→ **Assignment**
Repeat the data below in full and exactly.

(Stored data entries)
=-=-=-=-=

(* Let $\mathbf{AUS}_3$ be the set of density matrices $\sigma$ on $\mathbb{C}^2\otimes\mathbb{C}^2$ such that for every unitary $U$ on $\mathbb{C}^2\otimes\mathbb{C}^2$, every choice of unit vectors $\hat u_1,\hat u_2,\hat u_3\in\mathbb{R}^3$ and every choice of orthonormal vectors $\hat v_1,\hat v_2,\hat v_3\in\mathbb{R}^3$, $$\frac{1}{\sqrt3}\Big|\sum_{i=1}^3\mathrm{Tr}\big(U\sigma U^\dagger\,(\hat u_i\cdot\vec s)\otimes(\hat v_i\cdot\vec s)\big)\Big|\le 1.$$ Let $|\Upsilon\rangle_{ABC}\in\mathbb{C}^2\otimes\mathbb{C}^2\otimes\mathbb{C}^2$ be any pure three-qubit state, with reduced states $\sigma_{AB}=\mathrm{Tr}_C|\Upsilon\rangle\langle\Upsilon|$ and $\sigma_C=\mathrm{Tr}_{AB}|\Upsilon\rangle\langle\Upsilon|$. Then $\sigma_{AB}\in\mathbf{AUS}_3$ if and only if $\sigma_C=I/2$ is the maximally mixed state.
   Context: $\vec{s}=(s_1,s_2,s_3)$ denotes the vector of Pauli matrices, and for $\hat w\in\mathbb{R}^3$, $\hat w\cdot\vec s=\sum_k w_k s_k$. *)

theory Defs
  imports "HOL-Analysis.Analysis"
begin

definition cadj :: "complex^'n^'m \<Rightarrow> complex^'m^'n" where
  "cadj A = (\<chi> i j. cnj (A $ j $ i))"

definition mtrace :: "complex^'n^'n \<Rightarrow> complex" where
  "mtrace A = (\<Sum>i\<in>UNIV. A $ i $ i)"

definition kron :: "complex^'n^'n \<Rightarrow> complex^'m^'m \<Rightarrow> complex^('n \<times> 'm)^('n \<times> 'm)" where
  "kron A B = (\<chi> p q. A $ fst p $ fst q * B $ snd p $ snd q)"

definition unitary_mat :: "complex^'n^'n \<Rightarrow> bool" where
  "unitary_mat U \<longleftrightarrow> U ** cadj U = mat 1 \<and> cadj U ** U = mat 1"

definition hermitian_mat :: "complex^'n^'n \<Rightarrow> bool" where
  "hermitian_mat A \<longleftrightarrow> cadj A = A"

definition density_mat :: "complex^'n^'n \<Rightarrow> bool" where
  "density_mat A \<longleftrightarrow> hermitian_mat A
     \<and> (\<forall>v::complex^'n. 0 \<le> Re (\<Sum>i\<in>UNIV. \<Sum>j\<in>UNIV. cnj (v $ i) * A $ i $ j * v $ j))
     \<and> mtrace A = 1"

text \<open>Pauli matrices (index type 2 has elements 0,1; the basis |0>,|1> corresponds to 0,1).\<close>
definition sx :: "complex^2^2" where
  "sx = (\<chi> i j. if i \<noteq> j then 1 else 0)"
definition sy :: "complex^2^2" where
  "sy = (\<chi> i j. if i = 0 \<and> j = 1 then - \<i> else if i = 1 \<and> j = 0 then \<i> else 0)"
definition sz :: "complex^2^2" where
  "sz = (\<chi> i j. if i = j then (if i = 0 then 1 else -1) else 0)"

text \<open>Components of real^3 are indexed by type 3 with elements 0,1,2 = coordinates 1,2,3.\<close>
definition pauli :: "3 \<Rightarrow> complex^2^2" where
  "pauli k = (if k = 0 then sx else if k = 1 then sy else sz)"

definition pdot :: "real^3 \<Rightarrow> complex^2^2" where
  "pdot w = (\<chi> i j. \<Sum>k\<in>UNIV. complex_of_real (w $ k) * pauli k $ i $ j)"

definition AUS3 :: "(complex^(2\<times>2)^(2\<times>2)) set" where
  "AUS3 = {\<sigma>. density_mat \<sigma> \<and>
     (\<forall>(U::complex^(2\<times>2)^(2\<times>2)) (u::nat \<Rightarrow> real^3) (v::nat \<Rightarrow> real^3).
        unitary_mat U \<and> (\<forall>i\<in>{1..3}. norm (u i) = 1)
        \<and> (\<forall>i\<in>{1..3}. \<forall>j\<in>{1..3}. v i \<bullet> v j = (if i = j then 1 else 0))
        \<longrightarrow> (1 / sqrt 3) * cmod (\<Sum>i=1..3. mtrace (U ** \<sigma> ** cadj U ** kron (pdot (u i)) (pdot (v i)))) \<le> 1)}"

=-=-=-=-=

→ **Response area**
(* Let $\mathbf{AUS}_3$ be the set of density matrices $\sigma$ on $\mathbb{C}^2\otimes\mathbb{C}^2$ such that for every unitary $U$ on $\mathbb{C}^2\otimes\mathbb{C}^2$, every choice of unit vectors $\hat u_1,\hat u_2,\hat u_3\in\mathbb{R}^3$ and every choice of orthonormal vectors $\hat v_1,\hat v_2,\hat v_3\in\mathbb{R}^3$, $$\frac{1}{\sqrt3}\Big|\sum_{i=1}^3\mathrm{Tr}\big(U\sigma U^\dagger\,(\hat u_i\cdot\vec s)\otimes(\hat v_i\cdot\vec s)\big)\Big|\le 1.$$ Let $|\Upsilon\rangle_{ABC}\in\mathbb{C}^2\otimes\mathbb{C}^2\otimes\mathbb{C}^2$ be any pure three-qubit state, with reduced states $\sigma_{AB}=\mathrm{Tr}_C|\Upsilon\rangle\langle\Upsilon|$ and $\sigma_C=\mathrm{Tr}_{AB}|\Upsilon\rangle\langle\Upsilon|$. Then $\sigma_{AB}\in\mathbf{AUS}_3$ if and only if $\sigma_C=I/2$ is the maximally mixed state.
   Context: $\vec{s}=(s_1,s_2,s_3)$ denotes the vector of Pauli matrices, and for $\hat w\in\mathbb{R}^3$, $\hat w\cdot\vec s=\sum_k w_k s_k$. *)

theory Defs
  imports "HOL-Analysis.Analysis"
begin

definition cadj :: "complex^'n^'m \<Rightarrow> complex^'m^'n" where
  "cadj A = (\<chi> i j. cnj (A $ j $ i))"

definition mtrace :: "complex^'n^'n \<Rightarrow> complex" where
  "mtrace A = (\<Sum>i\<in>UNIV. A $ i $ i)"

definition kron :: "complex^'n^'n \<Rightarrow> complex^'m^'m \<Rightarrow> complex^('n \<times> 'm)^('n \<times> 'm)" where
  "kron A B = (\<chi> p q. A $ fst p $ fst q * B $ snd p $ snd q)"

definition unitary_mat :: "complex^'n^'n \<Rightarrow> bool" where
  "unitary_mat U \<longleftrightarrow> U ** cadj U = mat 1 \<and> cadj U ** U = mat 1"

definition hermitian_mat :: "complex^'n^'n \<Rightarrow> bool" where
  "hermitian_mat A \<longleftrightarrow> cadj A = A"

definition density_mat :: "complex^'n^'n \<Rightarrow> bool" where
  "density_mat A \<longleftrightarrow> hermitian_mat A
     \<and> (\<forall>v::complex^'n. 0 \<le> Re (\<Sum>i\<in>UNIV. \<Sum>j\<in>UNIV. cnj (v $ i) * A $ i $ j * v $ j))
     \<and> mtrace A = 1"

text \<open>Pauli matrices (index type 2 has elements 0,1; the basis |0>,|1> corresponds to 0,1).\<close>
definition sx :: "complex^2^2" where
  "sx = (\<chi> i j. if i \<noteq> j then 1 else 0)"
definition sy :: "complex^2^2" where
  "sy = (\<chi> i j. if i = 0 \<and> j = 1 then - \<i> else if i = 1 \<and> j = 0 then \<i> else 0)"
definition sz :: "complex^2^2" where
  "sz = (\<chi> i j. if i = j then (if i = 0 then 1 else -1) else 0)"

text \<open>Components of real^3 are indexed by type 3 with elements 0,1,2 = coordinates 1,2,3.\<close>
definition pauli :: "3 \<Rightarrow> complex^2^2" where
  "pauli k = (if k = 0 then sx else if k = 1 then sy else sz)"

definition pdot :: "real^3 \<Rightarrow> complex^2^2" where
  "pdot w = (\<chi> i j. \<Sum>k\<in>UNIV. complex_of_real (w $ k) * pauli k $ i $ j)"

definition AUS3 :: "(complex^(2\<times>2)^(2\<times>2)) set" where
  "AUS3 = {\<sigma>. density_mat \<sigma> \<and>
     (\<forall>(U::complex^(2\<times>2)^(2\<times>2)) (u::nat \<Rightarrow> real^3) (v::nat \<Rightarrow> real^3).
        unitary_mat U \<and> (\<forall>i\<in>{1..3}. norm (u i) = 1)
        \<and> (\<forall>i\<in>{1..3}. \<forall>j\<in>{1..3}. v i \<bullet> v j = (if i = j then 1 else 0))
        \<longrightarrow> (1 / sqrt 3) * cmod (\<Sum>i=1..3. mtrace (U ** \<sigma> ** cadj U ** kron (pdot (u i)) (pdot (v i)))) \<le> 1)}"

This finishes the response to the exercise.